Task statement
Below are some records; find each line that carries the word "blast" and copy it.

---------------

text \<open>If Gamma vanished identically, pairing it with x \<and> y \<and> z \<and> w on the divided power
  monomials x^(2) z^(2), x^(2) y^(2) and y^(4) would give a^2 i^2 = 0, a det S = 0 and
  v^T adj(S) v = 0, where S is the symmetric matrix with rows (a,m,n), (m,h,p), (n,p,k) and
  v = (d,e,f). Over a domain with a \<noteq> 0 these force a nonzero vector (l0,l2,l3) killed by S
  and by v: a nonzero column of adj S if there is one, and otherwise a vector in the kernel
  of the rank one matrix S. Since i = 0, the element l0 x + l2 z + l3 w of U then annihilates
  phi3, contradicting (b).\<close>

definition sym3_det :: "'a::comm_ring_1 \<Rightarrow> 'a \<Rightarrow> 'a \<Rightarrow> 'a \<Rightarrow> 'a \<Rightarrow> 'a \<Rightarrow> 'a" where
  "sym3_det s11 s12 s13 s22 s23 s33 =
     s11 * (s22*s33 - s23^2) - s12 * (s12*s33 - s13*s23) + s13 * (s12*s23 - s22*s13)"

definition sym3_adjugate_form ::
    "'a::comm_ring_1 \<Rightarrow> 'a \<Rightarrow> 'a \<Rightarrow> 'a \<Rightarrow> 'a \<Rightarrow> 'a \<Rightarrow> 'a \<Rightarrow> 'a \<Rightarrow> 'a \<Rightarrow> 'a" where
  "sym3_adjugate_form s11 s12 s13 s22 s23 s33 v1 v2 v3 =
     v1^2 * (s22*s33 - s23^2) + v2^2 * (s11*s33 - s13^2) + v3^2 * (s11*s22 - s12^2)
     + 2*v1*v2 * (s13*s23 - s12*s33) + 2*v1*v3 * (s12*s23 - s13*s22)
     + 2*v2*v3 * (s12*s13 - s11*s23)"

lemma sym3_det_swap:
  "sym3_det s22 s12 s23 s11 s13 s33 = sym3_det s11 s12 s13 s22 s23 s33"
  "sym3_det s33 s23 s13 s22 s12 s11 = sym3_det s11 s12 s13 s22 s23 s33"
  by (simp_all add: sym3_det_def algebra_simps power2_eq_square)

lemma sym3_adjugate_form_swap:
  "sym3_adjugate_form s22 s12 s23 s11 s13 s33 v2 v1 v3 =
     sym3_adjugate_form s11 s12 s13 s22 s23 s33 v1 v2 v3"
  "sym3_adjugate_form s33 s23 s13 s22 s12 s11 v3 v2 v1 =
     sym3_adjugate_form s11 s12 s13 s22 s23 s33 v1 v2 v3"
  by (simp_all add: sym3_adjugate_form_def algebra_simps power2_eq_square)

lemma sym3_adjugate_column_kernel_vector:
  fixes s11 s12 s13 s22 s23 s33 v1 v2 v3 :: "'a::idom"
  assumes det: "sym3_det s11 s12 s13 s22 s23 s33 = 0"
    and form: "sym3_adjugate_form s11 s12 s13 s22 s23 s33 v1 v2 v3 = 0"
    and column: "s22*s33 - s23^2 \<noteq> 0 \<or> s13*s23 - s12*s33 \<noteq> 0 \<or> s12*s23 - s13*s22 \<noteq> 0"
  obtains x1 x2 x3 where "x1 \<noteq> 0 \<or> x2 \<noteq> 0 \<or> x3 \<noteq> 0"
    "s11*x1 + s12*x2 + s13*x3 = 0" "s12*x1 + s22*x2 + s23*x3 = 0" "s13*x1 + s23*x2 + s33*x3 = 0"
    "v1*x1 + v2*x2 + v3*x3 = 0"
proof -
  define x1 x2 x3 where "x1 = s22*s33 - s23^2" and "x2 = s13*s23 - s12*s33"
    and "x3 = s12*s23 - s13*s22"
  have "s11*x1 + s12*x2 + s13*x3 = sym3_det s11 s12 s13 s22 s23 s33"
    by (simp add: x1_def x2_def x3_def sym3_det_def algebra_simps power2_eq_square)
  moreover have "s12*x1 + s22*x2 + s23*x3 = 0" "s13*x1 + s23*x2 + s33*x3 = 0"
    by (simp_all add: x1_def x2_def x3_def algebra_simps power2_eq_square)
  \<comment> \<open>Jacobi's identity for the 2 by 2 minors of the adjugate\<close>
  moreover have "(v1*x1 + v2*x2 + v3*x3)^2 =
      x1 * sym3_adjugate_form s11 s12 s13 s22 s23 s33 v1 v2 v3
      - sym3_det s11 s12 s13 s22 s23 s33 * (s33*v2^2 - 2*s23*v2*v3 + s22*v3^2)"
    by (simp add: x1_def x2_def x3_def sym3_det_def sym3_adjugate_form_def
        algebra_simps power2_eq_square)
  ultimately show thesis
    using that[of x1 x2 x3] det form column by (simp add: x1_def x2_def x3_def)
qed
lemma poisson_process_AE_distinct_times:
  fixes R :: "'w \<Rightarrow> (real \<times> 'a::topological_space) set"
  assumes "prob_space M" and R: "poisson_process M R (lebesgue_pos \<Otimes>\<^sub>M P)"
    and "sets P = sets borel" and "emeasure P UNIV < \<infinity>"
    and positive: "AE \<omega> in M. R \<omega> \<subseteq> {0<..} \<times> UNIV"
  shows "AE \<omega> in M. \<forall>p\<in>R \<omega>. \<forall>q\<in>R \<omega>. fst p = fst q \<longrightarrow> p = q"
proof -
  have "AE \<omega> in M. \<forall>T::nat. \<forall>p\<in>R \<omega>. \<forall>q\<in>R \<omega>.
      fst p = fst q \<longrightarrow> fst p \<in> {0<..real T} \<longrightarrow> p = q"
    using poisson_process_AE_distinct_times_upto[OF assms(1-4)] by (simp add: AE_all_countable)
  then show ?thesis using positive
  proof eventually_elim
    case (elim \<omega>)
    show ?case
    proof (intro ballI impI)
      fix p q assume "p \<in> R \<omega>" "q \<in> R \<omega>" "fst p = fst q"
      moreover obtain T :: nat where "fst p \<le> T" using real_arch_simple by blast
      ultimately show "p = q" using elim by (auto simp: mem_Times_iff)
    qed
  qed
qed

subsection \<open>Perturbing an exponential race\<close>

lemma fst_borel_measurable[measurable]:
  "fst \<in> borel_measurable (borel :: ('a::topological_space \<times> 'b::topological_space) measure)"
  by (intro borel_measurable_continuous_onI continuous_on_fst continuous_on_id)

lemma snd_borel_measurable[measurable]:
  "snd \<in> borel_measurable (borel :: ('a::topological_space \<times> 'b::topological_space) measure)"
  by (intro borel_measurable_continuous_onI continuous_on_snd continuous_on_id)

locale race_perturbation =
  fixes \<mu> :: "'a::euclidean_space measure" and f g :: "'a \<Rightarrow> real"
  assumes sets_\<mu>: "sets \<mu> = sets borel"
    and f_measurable: "f \<in> borel_measurable \<mu>" and g_measurable: "g \<in> borel_measurable \<mu>"
    and f_nonneg: "\<And>x. 0 \<le> f x" and g_nonneg: "\<And>x. 0 \<le> g x"
    and finite_P: "emeasure (density \<mu> (\<lambda>x. ennreal (f x))) UNIV < \<infinity>"
    and finite_Q: "emeasure (density \<mu> (\<lambda>x. ennreal (g x))) UNIV < \<infinity>"
    and same_support: "{x. f x \<noteq> 0} = {x. g x \<noteq> 0}"
begin

abbreviation P :: "'a measure" where "P \<equiv> density \<mu> (\<lambda>x. ennreal (f x))"
abbreviation Q :: "'a measure" where "Q \<equiv> density \<mu> (\<lambda>x. ennreal (g x))"

lemma f_borel[measurable]: "f \<in> borel_measurable borel"
  using f_measurable by (simp add: measurable_cong_sets[OF sets_\<mu> refl])

lemma g_borel[measurable]: "g \<in> borel_measurable borel"
  using g_measurable by (simp add: measurable_cong_sets[OF sets_\<mu> refl])

lemma perturb_borel[measurable]: "perturb g f \<in> borel_measurable borel"
  unfolding perturb_def by measurable

lemma sets_P: "sets P = sets borel"
  by (simp add: sets_\<mu>)

lemma pair_sigma_finite_P: "pair_sigma_finite lebesgue_pos P"
  and pair_sigma_finite_Q: "pair_sigma_finite lebesgue_pos Q"
  using finite_P finite_Q sets_eq_imp_space_eq[OF sets_\<mu>]
  by (auto intro!: pair_sigma_finite.intro sigma_finite_lebesgue_pos finite_measure.axioms(1)
      finite_measureI)

lemma sets_pair_P: "sets (lebesgue_pos \<Otimes>\<^sub>M P) = sets (borel :: (real \<times> 'a) measure)"
  and sets_pair_Q: "sets (lebesgue_pos \<Otimes>\<^sub>M Q) = sets (borel :: (real \<times> 'a) measure)"
  by (simp_all add: sets_\<mu> borel_prod[symmetric] cong: sets_pair_measure_cong)

lemma support_borel: "UNIV \<times> {x. g x \<noteq> 0} \<in> sets borel"
  by (intro borel_Times) measurable

lemma vimage_perturb_borel:
  "B \<in> sets borel \<Longrightarrow> perturb g f -` B \<inter> UNIV \<times> {x. g x \<noteq> 0} \<in> sets borel"
  using measurable_sets_borel[OF perturb_borel] support_borel by auto

lemma emeasure_Q_zeros: "emeasure Q {x. g x = 0} = 0"
proof -
  have "emeasure Q {x. g x = 0} = (\<integral>\<^sup>+x. ennreal (g x) * indicator {x. g x = 0} x \<partial>\<mu>)"
    using g_measurable sets_\<mu> by (subst emeasure_density) auto
  also have "\<dots> = (\<integral>\<^sup>+x. 0 \<partial>\<mu>)" by (intro nn_integral_cong) (auto split: split_indicator)
  finally show ?thesis by simp
qed

lemma inj_on_perturb: "inj_on (perturb g f) (UNIV \<times> {x. g x \<noteq> 0})"
proof (rule inj_onI)
  fix p q assume "p \<in> UNIV \<times> {x. g x \<noteq> 0}" "q \<in> UNIV \<times> {x. g x \<noteq> 0}"
    and "perturb g f p = perturb g f q"
  moreover obtain t x s y where "p = (t, x)" "q = (s, y)" by fastforce
  ultimately have "x = y" "g x \<noteq> 0" "t * g x / f x = s * g x / f x"
    by (auto simp: perturb_def)
  moreover have "f x \<noteq> 0" using \<open>g x \<noteq> 0\<close> same_support by blast
  ultimately show "p = q" using \<open>p = (t, x)\<close> \<open>q = (s, y)\<close> by auto
qed

text \<open>At a point \<open>x\<close> of the support, perturbation rescales time by \<open>g x / f x\<close>, which
  multiplies the Lebesgue measure of the fibre by \<open>f x / g x\<close> and turns the density \<open>g\<close>
  into \<open>f\<close>.\<close>
lemma emeasure_pair_Q_perturb_vimage:
  assumes B: "B \<in> sets borel"
  shows "emeasure (lebesgue_pos \<Otimes>\<^sub>M Q) (perturb g f -` B \<inter> UNIV \<times> {x. g x \<noteq> 0})
       = emeasure (lebesgue_pos \<Otimes>\<^sub>M P) B"
proof -
  interpret PQ: pair_sigma_finite lebesgue_pos Q by (rule pair_sigma_finite_Q)
  interpret PP: pair_sigma_finite lebesgue_pos P by (rule pair_sigma_finite_P)
  define C where "C = perturb g f -` B \<inter> UNIV \<times> {x. g x \<noteq> 0}"
  have C: "C \<in> sets borel" unfolding C_def using B by (rule vimage_perturb_borel)
  have fibre: "ennreal (g y) * emeasure lebesgue_pos ((\<lambda>x. (x, y)) -` C)
      = ennreal (f y) * emeasure lebesgue_pos ((\<lambda>x. (x, y)) -` B)" for y
  proof (cases "g y = 0")
    case True
    then have "f y = 0" using same_support by auto
    then show ?thesis using True by simp
  next
    case False
    have "f y \<noteq> 0" using False same_support by blast
    then have "f y > 0" "g y > 0" using False f_nonneg[of y] g_nonneg[of y] by auto
    define r where "r = g y / f y"
    have "r > 0" using \<open>f y > 0\<close> \<open>g y > 0\<close> by (simp add: r_def)
    have "(\<lambda>x::real. (x, y)) \<in> borel \<rightarrow>\<^sub>M (borel :: (real \<times> 'a) measure)" by measurable
    from measurable_sets[OF this B] have "(\<lambda>x. (x, y)) -` B \<in> sets borel" by simp
    moreover have "(\<lambda>x. (x, y)) -` C = (\<lambda>t. r * t) -` ((\<lambda>x. (x, y)) -` B)"
      using False unfolding C_def perturb_def r_def by (auto simp: field_simps)
    ultimately have "emeasure lebesgue_pos ((\<lambda>x. (x, y)) -` C)
        = ennreal (inverse r) * emeasure lebesgue_pos ((\<lambda>x. (x, y)) -` B)"
      using emeasure_lebesgue_pos_vimage_scale[OF \<open>r > 0\<close>] by simp
    moreover have "ennreal (g y) * ennreal (inverse r) = ennreal (f y)"
      using \<open>f y > 0\<close> \<open>g y > 0\<close> by (simp add: r_def ennreal_mult[symmetric])
    ultimately show ?thesis by (simp add: mult.assoc[symmetric])
  qed
  have "emeasure (lebesgue_pos \<Otimes>\<^sub>M Q) C = (\<integral>\<^sup>+y. emeasure lebesgue_pos ((\<lambda>x. (x, y)) -` C) \<partial>Q)"
    using C sets_pair_Q by (intro PQ.emeasure_pair_measure_alt2) simp
  also have "\<dots> = (\<integral>\<^sup>+y. ennreal (g y) * emeasure lebesgue_pos ((\<lambda>x. (x, y)) -` C) \<partial>\<mu>)"
    using PQ.measurable_emeasure_Pair2[of C] C sets_pair_Q
    by (intro nn_integral_density) (auto simp: measurable_cong_sets[OF sets_\<mu> refl] intro: g_measurable)
  also have "\<dots> = (\<integral>\<^sup>+y. ennreal (f y) * emeasure lebesgue_pos ((\<lambda>x. (x, y)) -` B) \<partial>\<mu>)"
    using fibre by simp
  also have "\<dots> = (\<integral>\<^sup>+y. emeasure lebesgue_pos ((\<lambda>x. (x, y)) -` B) \<partial>P)"
    using PP.measurable_emeasure_Pair2[of B] B sets_pair_P
    by (intro nn_integral_density[symmetric]) (auto simp: measurable_cong_sets[OF sets_\<mu> refl] intro: f_measurable)
  also have "\<dots> = emeasure (lebesgue_pos \<Otimes>\<^sub>M P) B"
    using B sets_pair_P by (intro PP.emeasure_pair_measure_alt2[symmetric]) simp
  finally show ?thesis unfolding C_def .
qed

text \<open>Off the support \<open>f x = g x = 0\<close>, and since \<open>t * 0 / 0 = 0\<close> every point \<open>(t, x)\<close>
  is sent to \<open>(0, x)\<close>. Counting these images through distinct second coordinates keeps the
  counts of the perturbed set measurable everywhere, not only almost everywhere.\<close>
lemma npts_perturb_image_Int:
  "npts (perturb g f ` S \<inter> B) = npts (S \<inter> (perturb g f -` B \<inter> UNIV \<times> {x. g x \<noteq> 0}))
     + npts (snd ` (S \<inter> (UNIV \<times> {x. g x = 0 \<and> (0, x) \<in> B})))"
proof -
  let ?C = "perturb g f -` B \<inter> UNIV \<times> {x. g x \<noteq> 0}" and ?Z = "{x. g x = 0 \<and> (0, x) \<in> B}"
  have off_support: "perturb g f (t, x) = (0, x)" if "g x = 0" for t x
    using that same_support by (auto simp: perturb_def)
  have split: "perturb g f ` S \<inter> B = perturb g f ` (S \<inter> ?C) \<union> Pair 0 ` snd ` (S \<inter> (UNIV \<times> ?Z))"
  proof (intro equalityI subsetI)
    fix z assume "z \<in> perturb g f ` S \<inter> B"
    then obtain t x where tx: "(t, x) \<in> S" "z = perturb g f (t, x)" "z \<in> B" by auto
    show "z \<in> perturb g f ` (S \<inter> ?C) \<union> Pair 0 ` snd ` (S \<inter> (UNIV \<times> ?Z))"
    proof (cases "g x = 0")
      case True
      then have "x \<in> snd ` (S \<inter> (UNIV \<times> ?Z))"
        using tx by (auto simp: off_support intro!: image_eqI[of x snd "(t, x)"])
      then show ?thesis using tx True by (simp add: off_support)
    next
      case False
      then show ?thesis using tx by auto
    qed
  next
    fix z assume "z \<in> perturb g f ` (S \<inter> ?C) \<union> Pair 0 ` snd ` (S \<inter> (UNIV \<times> ?Z))"
    then show "z \<in> perturb g f ` S \<inter> B"
    proof
      assume "z \<in> Pair 0 ` snd ` (S \<inter> (UNIV \<times> ?Z))"
      then obtain t x where "(t, x) \<in> S" "g x = 0" "(0, x) \<in> B" "z = (0, x)" by auto
      then show ?thesis by (metis IntI image_eqI off_support)
    qed auto
  qed
  have "perturb g f ` (S \<inter> ?C) \<inter> Pair 0 ` snd ` (S \<inter> (UNIV \<times> ?Z)) = {}"
    by (auto simp: perturb_def)
  then have "npts (perturb g f ` S \<inter> B)
      = npts (perturb g f ` (S \<inter> ?C)) + npts (Pair (0::real) ` snd ` (S \<inter> (UNIV \<times> ?Z)))"
    unfolding split npts_def by (intro plus_emeasure[symmetric]) auto
  also have "npts (perturb g f ` (S \<inter> ?C)) = npts (S \<inter> ?C)"
    by (rule npts_image, rule inj_on_subset[OF inj_on_perturb]) auto
  also have "npts (Pair (0::real) ` snd ` (S \<inter> (UNIV \<times> ?Z))) = npts (snd ` (S \<inter> (UNIV \<times> ?Z)))"
    by (rule npts_image) (auto simp: inj_on_def)
  finally show ?thesis .
qed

---------------

Reply to the exercise
      moreover obtain T :: nat where "fst p \<le> T" using real_arch_simple by blast
  moreover have "f x \<noteq> 0" using \<open>g x \<noteq> 0\<close> same_support by blast
    have "f y \<noteq> 0" using False same_support by blast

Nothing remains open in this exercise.